(* Let $\Sigma\in\mathbb{R}^{n\times n}$ be symmetric positive definite, let $C_0\in\mathbb{R}^{n\times n}$ be symmetric positive semidefinite, and define $C_{i+1}=\Sigma-\Sigma(C_i+\Sigma)^{-1}\Sigma$ for $i\ge0$. If $\tilde w\ne0$ and $\tilde\delta_i$ satisfy $C_i\tilde w=\tilde\delta_i\Sigma\tilde w$, then $C_{i+1}\tilde w=\tilde\delta_{i+1}\Sigma\tilde w$ with $\tilde\delta_{i+1}=\tilde\delta_i/(1+\tilde\delta_i)$.
   Context: In the paper $C_0=H\Gamma_0H^\top$, where $\Gamma_0$ is the empirical covariance of the initial EKI ensemble and $H$ is the linear observation operator; $C_i$ is an idealized observation-space covariance for stochastic EKI. *)

theory Defs
  imports "HOL-Analysis.Analysis"
begin

definition symmetric_matrix :: "real^'n^'n \<Rightarrow> bool" where
  "symmetric_matrix A \<longleftrightarrow> transpose A = A"

definition pos_def_matrix :: "real^'n^'n \<Rightarrow> bool" where
  "pos_def_matrix A \<longleftrightarrow> symmetric_matrix A \<and> (\<forall>x. x \<noteq> 0 \<longrightarrow> x \<bullet> (A *v x) > 0)"

definition pos_semidef_matrix :: "real^'n^'n \<Rightarrow> bool" where
  "pos_semidef_matrix A \<longleftrightarrow> symmetric_matrix A \<and> (\<forall>x. x \<bullet> (A *v x) \<ge> 0)"

end

theory Submission
  imports Defs
begin

text \<open>Write \<open>C' = \<Sigma> - \<Sigma> (C + \<Sigma>)\<^sup>-\<^sup>1 \<Sigma>\<close>. With \<open>y = (C + \<Sigma>)\<^sup>-\<^sup>1 \<Sigma> x\<close> one has
  \<open>x \<bullet> C' x = (x - y) \<bullet> \<Sigma> (x - y) + y \<bullet> C y\<close>, so the update keeps the quadratic form
  nonnegative; by induction every \<open>C\<^sub>i + \<Sigma>\<close> is positive definite, hence invertible.
  Then \<open>(C\<^sub>i + \<Sigma>) w = (1 + \<delta>) \<Sigma> w\<close> gives \<open>(C\<^sub>i + \<Sigma>)\<^sup>-\<^sup>1 \<Sigma> w = w / (1 + \<delta>)\<close>, and
  \<open>C\<^sub>i\<^sub>+\<^sub>1 w = (1 - 1 / (1 + \<delta>)) \<Sigma> w\<close>.\<close>

definition riccati_update :: "'a::field^'n^'n \<Rightarrow> 'a^'n^'n \<Rightarrow> 'a^'n^'n" where
  "riccati_update S C = S - S ** matrix_inv (C + S) ** S"

lemma matrix_inv_right_left:
  fixes A :: "'a::semiring_1^'n^'n"
  assumes "invertible A"
  shows "A ** matrix_inv A = mat 1" and "matrix_inv A ** A = mat 1"
  using someI_ex[OF assms[unfolded invertible_def]] unfolding matrix_inv_def by blast+

lemma invertible_if_quadratic_form_pos:
  fixes M :: "real^'n^'n"
  assumes "\<And>x. x \<noteq> 0 \<Longrightarrow> 0 < x \<bullet> (M *v x)"
  shows "invertible M"
proof -
  have "\<forall>x. M *v x = 0 \<longrightarrow> x = 0"
    using assms by (metis inner_zero_right less_irrefl)
  then show ?thesis
    using matrix_left_invertible_ker invertible_left_inverse by blast
qed

lemma invertible_nonneg_form_plus_pos_def:
  fixes S C :: "real^'n^'n"
  assumes "pos_def_matrix S" and "\<And>x. 0 \<le> x \<bullet> (C *v x)"
  shows "invertible (C + S)"
proof (rule invertible_if_quadratic_form_pos)
  fix x :: "real^'n"
  assume "x \<noteq> 0"
  then have "0 < x \<bullet> (S *v x)"
    using assms(1) unfolding pos_def_matrix_def by blast
  then show "0 < x \<bullet> ((C + S) *v x)"
    using assms(2)[of x] by (simp add: matrix_vector_mult_add_rdistrib inner_add_right)
qed

lemma symmetric_matrix_inner_commute:
  fixes S :: "real^'n^'n"
  assumes "symmetric_matrix S"
  shows "x \<bullet> (S *v y) = y \<bullet> (S *v x)"
proof -
  have "x \<bullet> (S *v y) = (transpose S *v x) \<bullet> y"
    by (metis dot_lmul_matrix transpose_transpose vector_transpose_matrix)
  then show ?thesis
    using assms unfolding symmetric_matrix_def by (simp add: inner_commute)
qed

lemma riccati_update_quadratic_form:
  fixes S C :: "real^'n^'n" and x :: "real^'n"
  assumes "symmetric_matrix S" and "invertible (C + S)"
  defines "y \<equiv> matrix_inv (C + S) *v (S *v x)"
  shows "x \<bullet> (riccati_update S C *v x) = (x - y) \<bullet> (S *v (x - y)) + y \<bullet> (C *v y)"
proof -
  have "(C + S) *v y = S *v x"
    unfolding y_def by (simp add: matrix_vector_mul_assoc matrix_mul_assoc
        matrix_inv_right_left(1)[OF assms(2)])
  then have "y \<bullet> (S *v x) = y \<bullet> (C *v y) + y \<bullet> (S *v y)"
    by (metis inner_add_right matrix_vector_mult_add_rdistrib)
  moreover have "riccati_update S C *v x = S *v x - S *v y"
    unfolding riccati_update_def y_def
    by (simp add: matrix_vector_mult_diff_rdistrib matrix_vector_mul_assoc matrix_mul_assoc)
  moreover have "x \<bullet> (S *v y) = y \<bullet> (S *v x)"
    using symmetric_matrix_inner_commute[OF assms(1)] .
  ultimately show ?thesis
    by (simp add: matrix_vector_mult_diff_distrib inner_diff_left inner_diff_right)
qed

lemma riccati_update_nonneg_form:
  fixes S C :: "real^'n^'n"
  assumes S: "pos_def_matrix S" and C: "\<And>x. 0 \<le> x \<bullet> (C *v x)"
  shows "0 \<le> x \<bullet> (riccati_update S C *v x)"
proof -
  have "0 \<le> z \<bullet> (S *v z)" for z
    using S unfolding pos_def_matrix_def by (metis inner_zero_left order.strict_implies_order order_refl)
  moreover have "symmetric_matrix S"
    using S unfolding pos_def_matrix_def by blast
  ultimately show ?thesis
    using riccati_update_quadratic_form invertible_nonneg_form_plus_pos_def[OF S C] C
    by (metis add_nonneg_nonneg)
qed

lemma riccati_update_generalized_eigenvector:
  fixes S C :: "'a::field^'n^'n"
  assumes inv: "invertible (C + S)" and "w \<noteq> 0" and eig: "C *v w = \<delta> *s (S *v w)"
  shows "riccati_update S C *v w = (\<delta> / (1 + \<delta>)) *s (S *v w)"
proof -
  let ?N = "matrix_inv (C + S)"
  have sum_eig: "(C + S) *v w = (1 + \<delta>) *s (S *v w)"
    using eig by (simp add: matrix_vector_mult_add_rdistrib vector_sadd_rdistrib)
  have w_eq: "w = (1 + \<delta>) *s (?N *v (S *v w))"
    by (metis sum_eig matrix_inv_right_left(2)[OF inv] matrix_vector_mul_assoc
        matrix_vector_mul_lid vector_scalar_commute)
  have "1 + \<delta> \<noteq> 0"
    using w_eq \<open>w \<noteq> 0\<close> by force
  then have "inverse (1 + \<delta>) * (1 + \<delta>) = 1"
    by simp
  then have NSw: "?N *v (S *v w) = inverse (1 + \<delta>) *s w"
    using arg_cong[OF w_eq, of "(*s) (inverse (1 + \<delta>))"]
    by (simp only: vector_smult_assoc vector_smult_lid)
  have "riccati_update S C *v w = S *v w - S *v (?N *v (S *v w))"
    unfolding riccati_update_def
    by (simp add: matrix_vector_mult_diff_rdistrib matrix_vector_mul_assoc matrix_mul_assoc)
  also have "\<dots> = (1 - inverse (1 + \<delta>)) *s (S *v w)"
    by (simp add: NSw vector_scalar_commute vector_sub_rdistrib)
  also have "1 - inverse (1 + \<delta>) = \<delta> / (1 + \<delta>)"
    using \<open>1 + \<delta> \<noteq> 0\<close> by (simp add: field_simps)
  finally show ?thesis .
qed

theorem proposition4p2:
  fixes Sigma :: "real^'n^'n" and C :: "nat \<Rightarrow> real^'n^'n"
    and w :: "real^'n" and i :: nat and \<delta> :: real
  assumes "pos_def_matrix Sigma"
    and "pos_semidef_matrix (C 0)"
    and "\<And>j. C (Suc j) = Sigma - Sigma ** matrix_inv (C j + Sigma) ** Sigma"
    and "w \<noteq> 0"
    and "C i *v w = \<delta> *s (Sigma *v w)"
  shows "C (Suc i) *v w = (\<delta> / (1 + \<delta>)) *s (Sigma *v w)"
proof -
  have step: "C (Suc j) = riccati_update Sigma (C j)" for j
    using assms(3) unfolding riccati_update_def .
  have nonneg: "0 \<le> x \<bullet> (C j *v x)" for j x
  proof (induction j arbitrary: x)
    case 0
    then show ?case using assms(2) unfolding pos_semidef_matrix_def by blast
  next
    case (Suc j)
    then show ?case using riccati_update_nonneg_form[OF assms(1)] step by metis
  qed
  have "invertible (C i + Sigma)"
    using invertible_nonneg_form_plus_pos_def[OF assms(1) nonneg] .
  then show ?thesis
    using riccati_update_generalized_eigenvector assms(4,5) step by metis
qed

end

= = =

About this exercise:
Set down, exactly as they appear above, all lines from the one that has "by (metis dot_lmul_matrix" down to the one that has "using symmetric_matrix_inner_commute[OF assms(1)]", including those two and no others.

Task solution:
    by (metis dot_lmul_matrix transpose_transpose vector_transpose_matrix)
  then show ?thesis
    using assms unfolding symmetric_matrix_def by (simp add: inner_commute)
qed

lemma riccati_update_quadratic_form:
  fixes S C :: "real^'n^'n" and x :: "real^'n"
  assumes "symmetric_matrix S" and "invertible (C + S)"
  defines "y \<equiv> matrix_inv (C + S) *v (S *v x)"
  shows "x \<bullet> (riccati_update S C *v x) = (x - y) \<bullet> (S *v (x - y)) + y \<bullet> (C *v y)"
proof -
  have "(C + S) *v y = S *v x"
    unfolding y_def by (simp add: matrix_vector_mul_assoc matrix_mul_assoc
        matrix_inv_right_left(1)[OF assms(2)])
  then have "y \<bullet> (S *v x) = y \<bullet> (C *v y) + y \<bullet> (S *v y)"
    by (metis inner_add_right matrix_vector_mult_add_rdistrib)
  moreover have "riccati_update S C *v x = S *v x - S *v y"
    unfolding riccati_update_def y_def
    by (simp add: matrix_vector_mult_diff_rdistrib matrix_vector_mul_assoc matrix_mul_assoc)
  moreover have "x \<bullet> (S *v y) = y \<bullet> (S *v x)"
    using symmetric_matrix_inner_commute[OF assms(1)] .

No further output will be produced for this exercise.